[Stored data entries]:
lemma prop_loss_piece_order_cong:
  fixes L :: "'a::real_inner \<Rightarrow> 'y::finite \<Rightarrow> real"
  assumes A: "\<And>y. finite (A y)" "\<And>y. A y \<noteq> {}" "\<And>u y. L u y = max_affine (A y) u"
    and same: "\<And>y. piece_order (A y) u = piece_order (A y) v"
    and u: "u \<in> prop_loss L p"
  shows "v \<in> prop_loss L p"
proof -
  obtain a b where ab: "\<And>y. (a y, b y) \<in> A y" "\<And>y. max_affine (A y) u = a y \<bullet> u + b y"
    by (rule max_affine_family_active[of A u, OF A(1,2)]) blast
  define F where "F x = (\<Sum>y\<in>UNIV. p y * (a y \<bullet> x + b y))" for x
  define w where "w e = (1 + e) *\<^sub>R u - e *\<^sub>R v" for e :: real
  have Fw: "F (w e) = (1 + e) * F u - e * F v" for e
  proof -
    have "p y * (a y \<bullet> w e + b y) =
        (1 + e) * (p y * (a y \<bullet> u + b y)) - e * (p y * (a y \<bullet> v + b y))" for y
      by (simp add: w_def inner_diff_right algebra_simps)
    then show ?thesis unfolding F_def by (simp add: sum_subtractf sum_distrib_left)
  qed
  have Eu: "exp_loss L p u = F u"
    unfolding exp_loss_def F_def A(3) ab(2) ..
  have Ev: "exp_loss L p v = F v"
    unfolding exp_loss_def F_def A(3) max_affine_piece_order_active[OF A(1) ab same] ..
  \<comment> \<open>On the line from v through u the pieces active at u stay active slightly beyond u, where
    the expected loss is therefore affine; so minimality at u forces F v \<le> F u.\<close>
  have "\<forall>\<^sub>F e in at_right 0. \<forall>y. max_affine (A y) (w e) = a y \<bullet> w e + b y"
    unfolding w_def
    by (intro eventually_all_finite max_affine_piece_order_extrapolate[OF A(1) ab same])
  then obtain e where e: "0 < e" "\<forall>y. max_affine (A y) (w e) = a y \<bullet> w e + b y"
    by (rule eventually_at_right_0_obtain)
  have "exp_loss L p (w e) = F (w e)"
    unfolding exp_loss_def F_def A(3) e(2)[rule_format] ..
  then have "F u \<le> (1 + e) * F u - e * F v"
    using u Eu Fw unfolding prop_loss_def by (metis mem_Collect_eq)
  then have "F v \<le> F u" using e(1) by (simp add: algebra_simps)
  then show ?thesis using u Eu Ev unfolding prop_loss_def by (auto intro: order_trans)
qed

lemma finite_range_prop_loss:
  fixes L :: "'a::real_inner \<Rightarrow> 'y::finite \<Rightarrow> real"
  assumes A: "\<And>y. finite (A y)" "\<And>y. A y \<noteq> {}" "\<And>u y. L u y = max_affine (A y) u"
  shows "finite (range (prop_loss L))"
proof -
  define pattern where "pattern x = (\<lambda>y. piece_order (A y) x)" for x
  have "pattern x \<in> PiE UNIV (\<lambda>y. Pow (A y \<times> A y))" for x
    unfolding pattern_def piece_order_def PiE_def by auto
  then have "range pattern \<subseteq> PiE UNIV (\<lambda>y. Pow (A y \<times> A y))" by blast
  moreover have "finite (PiE UNIV (\<lambda>y. Pow (A y \<times> A y)))"
    using A(1) by (simp add: finite_PiE)
  ultimately have "finite (Pow (range pattern))" by (simp add: finite_subset)
  moreover have "prop_loss L p = pattern -` (pattern ` prop_loss L p)" for p
  proof
    show "pattern -` (pattern ` prop_loss L p) \<subseteq> prop_loss L p"
    proof
      fix x assume "x \<in> pattern -` (pattern ` prop_loss L p)"
      then obtain v where "v \<in> prop_loss L p" "pattern v = pattern x" by auto
      then show "x \<in> prop_loss L p"
        using prop_loss_piece_order_cong[of A L v x p] A by (simp add: pattern_def fun_eq_iff)
    qed
  qed auto
  then have "range (prop_loss L) \<subseteq> (\<lambda>T. pattern -` T) ` Pow (range pattern)"
    by blast
  ultimately show ?thesis by (rule finite_surj)
qed

lemma linf_dist_nonneg: "0 \<le> linf_dist u v"
  unfolding linf_dist_def by (rule order_trans[OF abs_ge_zero Max_ge]) auto

lemma linf_dist_le_norm: "linf_dist u v \<le> norm (u - v)"
proof -
  have "linf_dist u v \<in> range (\<lambda>i. \<bar>u $ i - v $ i\<bar>)"
    unfolding linf_dist_def by (intro Max_in) auto
  then show ?thesis using component_le_norm_cart[of "u - v"] by auto
qed

lemma norm_le_card_linf_dist: "norm (u - v) \<le> CARD('d) * linf_dist u (v :: real^'d)"
proof -
  have "norm (u - v) \<le> (\<Sum>i\<in>UNIV. \<bar>(u - v) $ i\<bar>)" by (rule norm_le_l1_cart)
  also have "\<dots> \<le> (\<Sum>i\<in>(UNIV::'d set). linf_dist u v)"
    unfolding linf_dist_def by (intro sum_mono Max_ge) auto
  finally show ?thesis by simp
qed

lemma polyhedral_fun_linf_lipschitz:
  fixes f :: "real^'d \<Rightarrow> real"
  assumes "polyhedral_fun f"
  obtains K where "0 < K" "\<And>u v. f u - f v \<le> K * linf_dist u v"
proof -
  obtain K where K: "\<And>u v. f u - f v \<le> K * norm (u - v)"
    using polyhedral_fun_lipschitz[OF assms] by blast
  have "f u - f v \<le> (\<bar>K\<bar> * CARD('d) + 1) * linf_dist u v" for u v
  proof -
    have "f u - f v \<le> \<bar>K\<bar> * norm (u - v)"
      using K[of u v] by (meson abs_ge_self mult_right_mono norm_ge_zero order_trans)
    also have "\<dots> \<le> \<bar>K\<bar> * (CARD('d) * linf_dist u v)"
      by (intro mult_left_mono norm_le_card_linf_dist) simp
    also have "\<dots> \<le> (\<bar>K\<bar> * CARD('d) + 1) * linf_dist u v"
      using linf_dist_nonneg[of u v] by (simp add: algebra_simps)
    finally show ?thesis .
  qed
  then show ?thesis using that[of "\<bar>K\<bar> * CARD('d) + 1"] by (simp add: add_nonneg_pos)
qed

lemma lipschitz_gap_imp_linf_separation:
  fixes f :: "real^'d \<Rightarrow> real"
  assumes K: "0 < K" "\<And>u v. f u - f v \<le> K * linf_dist u v"
    and gap: "(INF u. ereal (f u)) < (INF u\<in>B. ereal (f u))"
  shows "\<exists>e>0. \<forall>u\<in>B. ereal e \<le> linf_set_dist u {x. \<forall>x'. f x \<le> f x'}"
proof (cases "\<exists>x0. \<forall>x. f x0 \<le> f x")
  case False
  then have argmin_empty: "{x. \<forall>x'. f x \<le> f x'} = {}" by auto
  show ?thesis unfolding linf_set_dist_def argmin_empty by (intro exI[of _ 1]) simp
next
  case True
  then obtain x0 where x0: "\<And>x. f x0 \<le> f x" by blast
  have "(INF u. ereal (f u)) = ereal (f x0)"
    using x0 by (intro antisym INF_lower2[of x0] INF_greatest) auto
  with gap have "ereal (f x0) < (INF u\<in>B. ereal (f u))" by simp
  then obtain c where c: "ereal (f x0) < ereal c" "ereal c < (INF u\<in>B. ereal (f u))"
    using ereal_dense2 by blast
  define e where "e = (c - f x0) / K"
  have "ereal e \<le> linf_set_dist u {x. \<forall>x'. f x \<le> f x'}" if "u \<in> B" for u
    unfolding linf_set_dist_def
  proof (rule INF_greatest)
    fix v assume "v \<in> {x. \<forall>x'. f x \<le> f x'}"
    then have "f v = f x0" using x0 by (simp add: antisym)
    moreover have "ereal c < ereal (f u)"
      using c(2) INF_lower[OF that, of "\<lambda>u. ereal (f u)"] by (rule order.strict_trans2)
    ultimately have "c - f x0 \<le> K * linf_dist u v" using K(2)[of u v] by simp
    then show "ereal e \<le> ereal (linf_dist u v)"
      using K(1) by (simp add: e_def divide_le_eq mult.commute)
  qed
  moreover have "0 < e" using c(1) K(1) by (simp add: e_def)
  ultimately show ?thesis by blast
qed

lemma sharp_min_linf_separation_imp_gap:
  fixes f :: "real^'d \<Rightarrow> real"
  assumes c: "0 < c" "\<And>u. \<exists>s. f s = f x0 \<and> c * norm (u - s) \<le> f u - f x0"
    and x0: "\<And>x. f x0 \<le> f x"
    and sep: "0 < e" "\<And>u. u \<in> B \<Longrightarrow> ereal e \<le> linf_set_dist u {x. \<forall>x'. f x \<le> f x'}"
  shows "(INF u. ereal (f u)) < (INF u\<in>B. ereal (f u))"
proof -
  have INF_all: "(INF u. ereal (f u)) = ereal (f x0)"
    using x0 by (intro antisym INF_lower2[of x0] INF_greatest) auto
  have "ereal (f x0 + c * e) \<le> (INF u\<in>B. ereal (f u))"
  proof (rule INF_greatest)
    fix u assume "u \<in> B"
    obtain s where s: "f s = f x0" "c * norm (u - s) \<le> f u - f x0" using c(2) by blast
    have "linf_set_dist u {x. \<forall>x'. f x \<le> f x'} \<le> ereal (linf_dist u s)"
      unfolding linf_set_dist_def by (rule INF_lower) (simp add: s(1) x0)
    with sep(2)[OF \<open>u \<in> B\<close>] have "ereal e \<le> ereal (linf_dist u s)" by (rule order_trans)
    then have "e \<le> linf_dist u s" by simp
    then have "c * e \<le> c * norm (u - s)"
      using linf_dist_le_norm[of u s] c(1) by simp
    then show "ereal (f x0 + c * e) \<le> ereal (f u)" using s(2) by simp
  qed
  moreover have "ereal (f x0) < ereal (f x0 + c * e)" using c(1) sep(1) by simp
  ultimately show ?thesis unfolding INF_all by (rule order.strict_trans2[rotated])
qed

[Problem to work on]: Please copy only the lines from the one with "s(2) by simp" through the final line of the records above, both ends included.

[Solved exercise]:
    then show "ereal (f x0 + c * e) \<le> ereal (f u)" using s(2) by simp
  qed
  moreover have "ereal (f x0) < ereal (f x0 + c * e)" using c(1) sep(1) by simp
  ultimately show ?thesis unfolding INF_all by (rule order.strict_trans2[rotated])
qed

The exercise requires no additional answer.